# Parameters

**Project** CCU056

**Description** This notebook defines a set of parameters, which is loaded in each notebook in the data curation pipeline, so that helper functions and parameters are consistently available.

**Author(s)** Tom Bolton, Fionna Chalmers, Anna Stevenson (Health Data Science Team, BHF Data Science Centre)

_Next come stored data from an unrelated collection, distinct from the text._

lemma risk_eq_integral_expected_loss:
  fixes l :: "'f \<Rightarrow> 'z \<Rightarrow> real"
  assumes Q: "prob_space Q" and D: "prob_space D"
    and l: "(\<lambda>(f, z). l f z) \<in> borel_measurable (Q \<Otimes>\<^sub>M D)" and l_bounded: "\<And>f z. \<bar>l f z\<bar> \<le> B"
  shows "risk l D Q = (\<integral>f. (\<integral>z. l f z \<partial>D) \<partial>Q)"
proof -
  interpret pair_prob_space Q D
    using Q D by (simp add: pair_prob_space_def pair_sigma_finite_def prob_space_imp_sigma_finite)
  have "integrable (Q \<Otimes>\<^sub>M D) (\<lambda>(f, z). l f z)"
    by (rule P.integrable_const_bound[where B=B]) (use l l_bounded in \<open>auto simp: split_beta\<close>)
  then show ?thesis
    unfolding risk_def rloss_def by (rule Fubini_integral)
qed

locale multitask_learning =
  fixes MF :: "'f measure" and MZ :: "'z measure"
    and n :: nat and m :: "nat \<Rightarrow> nat"
    and D :: "nat \<Rightarrow> 'z measure" and l :: "nat \<Rightarrow> 'f \<Rightarrow> 'z \<Rightarrow> real"
  assumes n_pos: "n \<ge> 1"
    and m_pos: "\<And>i. i < n \<Longrightarrow> m i \<ge> 1"
    and D_prob: "\<And>i. i < n \<Longrightarrow> prob_space (D i)"
    and D_sets: "\<And>i. i < n \<Longrightarrow> sets (D i) = sets MZ"
    and l_meas: "\<And>i. i < n \<Longrightarrow> (\<lambda>(f, z). l i f z) \<in> borel_measurable (MF \<Otimes>\<^sub>M MZ)"
    and l_range: "\<And>i f z. i < n \<Longrightarrow> 0 \<le> l i f z \<and> l i f z \<le> 1"
begin

abbreviation M :: real where
  "M \<equiv> real (\<Sum>i<n. m i)"

text \<open>For deterministic predictors fs, pooled_risk fs and pooled_emp_risk S fs are the
  weighted risks R^S and Rhat^S of the statement with every Q_i a point mass at fs i.\<close>

definition pooled_risk :: "(nat \<Rightarrow> 'f) \<Rightarrow> real" where
  "pooled_risk fs = (\<Sum>i<n. real (m i) / M * (\<integral>z. l i (fs i) z \<partial>D i))"

definition pooled_emp_risk :: "(nat \<Rightarrow> nat \<Rightarrow> 'z) \<Rightarrow> (nat \<Rightarrow> 'f) \<Rightarrow> real" where
  "pooled_emp_risk S fs = (\<Sum>i<n. real (m i) / M * (1 / real (m i) * (\<Sum>j<m i. l i (fs i) (S i j))))"

definition catoni_gap :: "real \<Rightarrow> (nat \<Rightarrow> nat \<Rightarrow> 'z) \<Rightarrow> (nat \<Rightarrow> 'f) \<Rightarrow> real" where
  "catoni_gap lam S fs = lam * (catoni_phi (lam / M) (pooled_risk fs) - pooled_emp_risk S fs)"

lemma M_pos: "0 < M"
proof -
  have "m 0 \<le> (\<Sum>i<n. m i)" by (rule member_le_sum) (use n_pos in auto)
  then show ?thesis using m_pos[of 0] n_pos by linarith
qed

lemma sum_weights: "(\<Sum>i<n. real (m i) / M) = 1"
  using M_pos by (simp flip: sum_divide_distrib)

lemma expected_loss_unit_interval:
  "i < n \<Longrightarrow> 0 \<le> (\<integral>z. l i f z \<partial>D i) \<and> (\<integral>z. l i f z \<partial>D i) \<le> 1"
  using prob_space.integral_unit_interval[OF D_prob] l_range by blast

**Reviewers** âš  UNREVIEWED

**Acknowledgements** Based on CCU004_01-D01-parameters, CCU003_05-D01-parameters and CCU002_07

**Notes** This pipeline has an initial production date of 2023-08-15 (`pipeline_production_date` == `2023-08-15`) and the `archived_on` dates used for each dataset correspond to the latest (most recent) batch of data before this date. Should the pipeline and all the notebooks that follow need to be updated and rerun, then this notebook should be rerun directly (before being called by subsequent notebooks) with `pipeline_production_date` updated and `run_all_toggle` switched to True. After this notebook has been rerun the `run_all_toggle` should be reset to False to prevent subsequent notebooks that call this notebook from having to rerun the 'archived_on' section. Rerunning this notebook with the updated `pipeline_production_date` will ensure that the `archived_on` dates used for each dataset are updated with these dates being saved for reference in the collabortion database.

**Versions** 
<br>Version 6 as at '2024-03-07' - study end date also chnaged from 2022-08-01 to 2023-12-01
<br>Version 5 as at '2023-11-28' - which will include November provisioning - NICOR datasets still hard-coded as below
<br>Version 4 as at '2023-09-15' - issues with HES resolved but NACSA still hardcoded - also hardcoding TAVI back to 2023-03-31 as August batch have no surgery dates
<br>Version 3 as at '2023-08-24' - hard coded dates for HES APC, HES APC OTR, NACSA - as recent versions of these have data quality issues
<br>Version 2 as at '2023-08-15'
<br>Version 1 as at '2023-07-04'

**Data Output** 
- **`ccu056_parameters_df_datasets`**: table of `archived_on` dates for each dataset that can be used consistently throughout the pipeline 

# 0. Setup

In [0]:
run_all_toggle = False

In [0]:
spark.conf.set('spark.sql.legacy.allowCreatingManagedTableUsingNonemptyLocation', 'true')

# 1. Libraries

In [0]:
import pyspark.sql.functions as f
import pandas as pd
import re
import datetime

# 2.  Helpers

In [0]:
%run "/Repos/shds/common/functions"

In [0]:
%run "/Repos/shds/Fionna/help_functions"

# 3. Custom Functions

In [0]:
# Updated function that compares the number of rows expected (the number that were found when running the parameters notebook in full) against the number of rows observed (the number that were found when extracting the data from the archive in a subsequent notebook). This would alert us to the number of rows being changed in the archive tables, which the data wranglers control.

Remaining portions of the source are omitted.